Privacy is the default, not a setting. Your recordings, notes, and tasks never become someone’s training data, because they never leave. There’s no privacy policy to parse, no toggle buried in settings, no breach that can leak what was never uploaded. The architecture makes the promise — not the terms of service.

You own the work, and the format proves it. Every SR-7 recording is a markdown file with YAML front matter. Every TR-2 task is a plain checkbox in a folder you control. The model touches files you can open, read, and diff yourself. When the output is plain text on your disk, you can verify ownership for yourself instead of trusting a claim about it.

There’s no server to rent. The work runs on a computer you already bought. On-device AI puts that hardware to work instead of routing every transcription and summary through a datacenter that bills you monthly for the privilege — and never quietly enrolls you in someone else’s subscription to use what you already own. There’s no per-seat cloud cost behind the app, which is exactly why these tools can be a one-time purchase. Sync, if you want it, is your own iCloud or Dropbox or git. That pricing model is the only honest one for local-first software: you can’t credibly sell ownership while metering access to a machine you control.

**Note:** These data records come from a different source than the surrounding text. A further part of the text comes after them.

(* Let $p$ be $(12,\emptyset,\{0,1\})$ or $(12,\emptyset,\{0,2\})$, or any pattern in the same symmetry class as one of these. Then for all $n\ge2$, $a_n(p)=n!/2$.
   Context: For $n\ge1$, $\mathcal S_n$ is the set of permutations $\pi=\pi_1\cdots\pi_n$ of $[n]$. A bi-vincular pattern of length $k$ is a triple $p=(\sigma,X,Y)$ with $\sigma\in\mathcal S_k$ and $X,Y\subseteq\{0,1,\dots,k\}$. A permutation $\pi\in\mathcal S_n$ contains $p$ if there are indices $1\le i_1<\dots<i_k\le n$ such that $(\pi_{i_1},\dots,\pi_{i_k})$ is order-isomorphic to $\sigma$ and, letting $j_1<\dots<j_k$ be the values $\pi_{i_1},\dots,\pi_{i_k}$ sorted increasingly and setting $i_0=j_0=0$, $i_{k+1}=j_{k+1}=n+1$, one has $i_{x+1}=i_x+1$ for all $x\in X$ and $j_{y+1}=j_y+1$ for all $y\in Y$. Otherwise $\pi$ avoids $p$; $a_n(p)$ is the number of $\pi\in\mathcal S_n$ avoiding $p$. Symmetries: $p^{i}=(\sigma^{-1},Y,X)$, $p^{r}=(\sigma^{r},\{k-x:x\in X\},Y)$, $p^{c}=(\sigma^{c},X,\{k-y:y\in Y\})$ with $\sigma^r_j=\sigma_{k+1-j}$, $\sigma^c_j=k+1-\sigma_j$; the symmetry class of $p$ consists of all patterns obtained from $p$ by finitely many applications of these maps. *)

theory Defs
  imports Main
begin

(* Permutations of [n] in one-line notation, as lists: pi ! (j-1) is pi_j. *)
definition perms :: "nat \<Rightarrow> nat list set" where
  "perms n = {\<pi>. distinct \<pi> \<and> set \<pi> = {1..n}}"

type_synonym bvpat = "nat list \<times> nat set \<times> nat set"

definition is_bvpat :: "bvpat \<Rightarrow> bool" where
  "is_bvpat p = (case p of (\<sigma>, X, Y) \<Rightarrow>
     \<sigma> \<in> perms (length \<sigma>) \<and> X \<subseteq> {0..length \<sigma>} \<and> Y \<subseteq> {0..length \<sigma>})"

definition ext_seq :: "nat \<Rightarrow> nat list \<Rightarrow> nat \<Rightarrow> nat" where
  "ext_seq n xs x = (if x = 0 then 0 else if x = Suc (length xs) then n + 1 else xs ! (x - 1))"

definition contains :: "nat list \<Rightarrow> bvpat \<Rightarrow> bool" where
  "contains \<pi> p = (case p of (\<sigma>, X, Y) \<Rightarrow>
     (let n = length \<pi>; k = length \<sigma> in
      \<exists>is. length is = k \<and> sorted_wrt (<) is \<and> set is \<subseteq> {1..n} \<and>
        (\<forall>a<k. \<forall>b<k. (\<pi> ! (is ! a - 1) < \<pi> ! (is ! b - 1)) \<longleftrightarrow> (\<sigma> ! a < \<sigma> ! b)) \<and>
        (let js = sort (map (\<lambda>a. \<pi> ! (is ! a - 1)) [0..<k]) in
          (\<forall>x\<in>X. ext_seq n is (x + 1) = ext_seq n is x + 1) \<and>
          (\<forall>y\<in>Y. ext_seq n js (y + 1) = ext_seq n js y + 1))))"

definition avoids :: "nat list \<Rightarrow> bvpat \<Rightarrow> bool" where
  "avoids \<pi> p = (\<not> contains \<pi> p)"

definition av_count :: "nat \<Rightarrow> bvpat \<Rightarrow> nat" where
  "av_count n p = card {\<pi> \<in> perms n. avoids \<pi> p}"

definition perm_inv :: "nat list \<Rightarrow> nat list" where
  "perm_inv \<sigma> = map (\<lambda>v. Suc (THE a. a < length \<sigma> \<and> \<sigma> ! a = v)) [1..<Suc (length \<sigma>)]"

definition pat_i :: "bvpat \<Rightarrow> bvpat" where
  "pat_i p = (case p of (\<sigma>, X, Y) \<Rightarrow> (perm_inv \<sigma>, Y, X))"

definition pat_r :: "bvpat \<Rightarrow> bvpat" where
  "pat_r p = (case p of (\<sigma>, X, Y) \<Rightarrow> (rev \<sigma>, (\<lambda>x. length \<sigma> - x) ` X, Y))"

definition pat_c :: "bvpat \<Rightarrow> bvpat" where
  "pat_c p = (case p of (\<sigma>, X, Y) \<Rightarrow>
     (map (\<lambda>v. Suc (length \<sigma>) - v) \<sigma>, X, (\<lambda>y. length \<sigma> - y) ` Y))"

inductive_set sym_class :: "bvpat \<Rightarrow> bvpat set" for p :: bvpat where
  base: "p \<in> sym_class p"
| inv: "q \<in> sym_class p \<Longrightarrow> pat_i q \<in> sym_class p"
| rev: "q \<in> sym_class p \<Longrightarrow> pat_r q \<in> sym_class p"
| comp: "q \<in> sym_class p \<Longrightarrow> pat_c q \<in> sym_class p"

end

theory Submission
  imports Defs "HOL-Combinatorics.Multiset_Permutations" "HOL-Combinatorics.Transposition"
begin

(* Every pattern in the two symmetry classes has length 2, one empty constraint set and the
   other a two-element subset of {0,1,2}.  Two such adjacency constraints pin an occurrence
   down completely: to two fixed positions a < b, or to two fixed values a < b (for instance
   Y = {0,2} forces the values 1 and n).  So pi contains p iff the comparison of pi_a with pi_b
   (resp. the relative order of the values a and b in pi) comes out one particular way.
   Swapping the entries at positions a and b (resp. the values a and b) is an involution of
   S_n that reverses this comparison, hence exactly half of the n! permutations avoid p. *)

definition occurs_before :: "'a list \<Rightarrow> 'a \<Rightarrow> 'a \<Rightarrow> bool" where
  "occurs_before xs a b \<longleftrightarrow> (\<exists>i j. i < j \<and> j < length xs \<and> xs ! i = a \<and> xs ! j = b)"

lemma occurs_before_nth_iff:
  assumes "distinct xs" "i < length xs" "j < length xs"
  shows "occurs_before xs (xs ! i) (xs ! j) \<longleftrightarrow> i < j"
  using assms by (auto simp: occurs_before_def nth_eq_iff_index_eq)

lemma occurs_before_swap:
  assumes "distinct xs" "a \<in> set xs" "b \<in> set xs" "a \<noteq> b"
  shows "occurs_before xs b a \<longleftrightarrow> \<not> occurs_before xs a b"
proof -
  obtain i j where "i < length xs" "j < length xs" "a = xs ! i" "b = xs ! j"
    using assms(2,3) by (auto simp: in_set_conv_nth)
  moreover from this have "i \<noteq> j"
    using assms(4) by blast
  ultimately show ?thesis
    using assms(1) by (auto simp: occurs_before_nth_iff)
qed

lemma occurs_before_map_transpose:
  "occurs_before (map (Transposition.transpose a b) xs) a b \<longleftrightarrow> occurs_before xs b a"
proof -
  have "Transposition.transpose a b y = a \<longleftrightarrow> y = b" "Transposition.transpose a b y = b \<longleftrightarrow> y = a"
    for y
    by (auto simp: transpose_eq_iff)
  then show ?thesis
    unfolding occurs_before_def by (metis (no_types, lifting) length_map nth_map order.strict_trans)
qed

lemma card_half_if_involution:
  assumes "finite S" "\<And>x. x \<in> S \<Longrightarrow> f x \<in> S" "\<And>x. x \<in> S \<Longrightarrow> f (f x) = x"
    and "\<And>x. x \<in> S \<Longrightarrow> P (f x) \<longleftrightarrow> \<not> P x"
  shows "card {x \<in> S. P x} = card S div 2"
proof -
  have "bij_betw f {x \<in> S. P x} {x \<in> S. \<not> P x}"
    by (rule bij_betw_byWitness[where f' = f]) (use assms(2-4) in auto)
  then have "card {x \<in> S. P x} = card {x \<in> S. \<not> P x}"
    by (rule bij_betw_same_card)
  moreover have "card S = card {x \<in> S. P x} + card {x \<in> S. \<not> P x}"
    using assms(1) by (subst card_Un_disjoint[symmetric]) (auto intro: arg_cong[where f = card])
  ultimately show ?thesis
    by simp
qed

lemma perms_eq_permutations_of_set: "perms n = permutations_of_set {1..n}"
  by (auto simp: perms_def permutations_of_set_def)

lemma length_perms: "\<pi> \<in> perms n \<Longrightarrow> length \<pi> = n"
  by (auto simp: perms_eq_permutations_of_set length_finite_permutations_of_set)

lemma card_perms_nth_less:
  assumes "i \<noteq> j" "i < n" "j < n"
  shows "card {\<pi> \<in> perms n. (\<pi> ! i < \<pi> ! j) = c} = fact n div 2"
proof -
  define swap :: "nat list \<Rightarrow> nat list" where "swap \<pi> = \<pi>[i := \<pi> ! j, j := \<pi> ! i]" for \<pi>
  have "card {\<pi> \<in> perms n. (\<pi> ! i < \<pi> ! j) = c} = card (perms n) div 2"
  proof (rule card_half_if_involution[where f = swap])
    fix \<pi> assume "\<pi> \<in> perms n"
    moreover from this have "length \<pi> = n" "\<pi> ! i \<noteq> \<pi> ! j"
      using assms by (auto simp: length_perms perms_def nth_eq_iff_index_eq)
    ultimately show "swap \<pi> \<in> perms n"
      using assms by (simp add: swap_def perms_def)
    show "swap (swap \<pi>) = \<pi>"
      using \<open>length \<pi> = n\<close> assms by (simp add: swap_def list_eq_iff_nth_eq nth_list_update)
    have "swap \<pi> ! i = \<pi> ! j" "swap \<pi> ! j = \<pi> ! i"
      using \<open>length \<pi> = n\<close> assms by (simp_all add: swap_def nth_list_update)
    moreover have "\<pi> ! j < \<pi> ! i \<longleftrightarrow> \<not> \<pi> ! i < \<pi> ! j"
      using \<open>\<pi> ! i \<noteq> \<pi> ! j\<close> by linarith
    ultimately show "(swap \<pi> ! i < swap \<pi> ! j) = c \<longleftrightarrow> \<not> (\<pi> ! i < \<pi> ! j) = c"
      by simp blast
  qed (simp add: perms_eq_permutations_of_set)
  then show ?thesis
    by (simp add: perms_eq_permutations_of_set)
qed

lemma card_perms_occurs_before:
  assumes "a \<noteq> b" "a \<in> {1..n}" "b \<in> {1..n}"
  shows "card {\<pi> \<in> perms n. occurs_before \<pi> a b = c} = fact n div 2"
proof -
  have "card {\<pi> \<in> perms n. occurs_before \<pi> a b = c} = card (perms n) div 2"
  proof (rule card_half_if_involution[where f = "map (Transposition.transpose a b)"])
    fix \<pi> assume "\<pi> \<in> perms n"
    then show "map (Transposition.transpose a b) \<pi> \<in> perms n"
      using assms by (simp add: perms_def distinct_map)
    from \<open>\<pi> \<in> perms n\<close> have "occurs_before \<pi> b a \<longleftrightarrow> \<not> occurs_before \<pi> a b"
      using assms by (intro occurs_before_swap) (auto simp: perms_def)
    then show
      "(occurs_before (map (Transposition.transpose a b) \<pi>) a b = c) \<longleftrightarrow> \<not> occurs_before \<pi> a b = c"
      by (simp add: occurs_before_map_transpose) blast
  qed (simp_all add: perms_eq_permutations_of_set)
  then show ?thesis
    by (simp add: perms_eq_permutations_of_set)
qed

definition pair_constraints :: "nat set set" where
  "pair_constraints = {{0, 1}, {1, 2}, {0, 2}}"

definition rigid_patterns :: "bvpat set" where
  "rigid_patterns = {(\<sigma>, X, Y). \<sigma> \<in> {[1, 2], [2, 1]} \<and>
     (X = {} \<and> Y \<in> pair_constraints \<or> Y = {} \<and> X \<in> pair_constraints)}"

lemma sym_class_subset:
  assumes "p \<in> S"
    and "\<And>q. q \<in> S \<Longrightarrow> pat_i q \<in> S" "\<And>q. q \<in> S \<Longrightarrow> pat_r q \<in> S"
    and "\<And>q. q \<in> S \<Longrightarrow> pat_c q \<in> S"
  shows "sym_class p \<subseteq> S"
proof
  fix q assume "q \<in> sym_class p"
  then show "q \<in> S" by induction (use assms in auto)
qed

lemma the_index_nth:
  assumes "distinct xs" "i < length xs"
  shows "(THE j. j < length xs \<and> xs ! j = xs ! i) = i"
  using assms by (auto simp: nth_eq_iff_index_eq)

lemma perm_inv_12: "perm_inv [1, 2] = [1, 2]"
  using the_index_nth[of "[1, 2 :: nat]" 0] the_index_nth[of "[1, 2 :: nat]" 1]
  by (simp add: perm_inv_def upt_rec numeral_2_eq_2)

lemma perm_inv_21: "perm_inv [2, 1] = [2, 1]"
  using the_index_nth[of "[2, 1 :: nat]" 0] the_index_nth[of "[2, 1 :: nat]" 1]
  by (simp add: perm_inv_def upt_rec numeral_2_eq_2)

lemma pair_constraints_mirror: "Z \<in> pair_constraints \<Longrightarrow> (\<lambda>z. 2 - z) ` Z \<in> pair_constraints"
  by (auto simp: pair_constraints_def)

Where the cloud still wins, plainly

There’s no pretending the line is everywhere. If your work needs the deepest reasoning a model can do — long agentic chains, research across a huge corpus, the hardest synthesis — the cloud is the right tool, and we reach for it too.

The distinction is between tools you reason with and tools you think in. Reaching for a frontier model to untangle a gnarly problem is a deliberate act with a clear payoff. Capturing a thought, filing a task, skimming a document — those happen constantly, half-consciously, with material too raw and too personal to want it leaving the device for a benefit you can’t feel.

For that layer, on-device is the better tool, and it has been for a while.

Good enough, where good enough is the whole point

These run on Apple’s local stack because the math comes out clean. The capability the cloud adds is small for these jobs. The privacy, ownership, and no-subscription wins are large, and they compound the longer you use the tool.

A thought you haven’t finished thinking deserves to stay on your machine. That’s reason enough.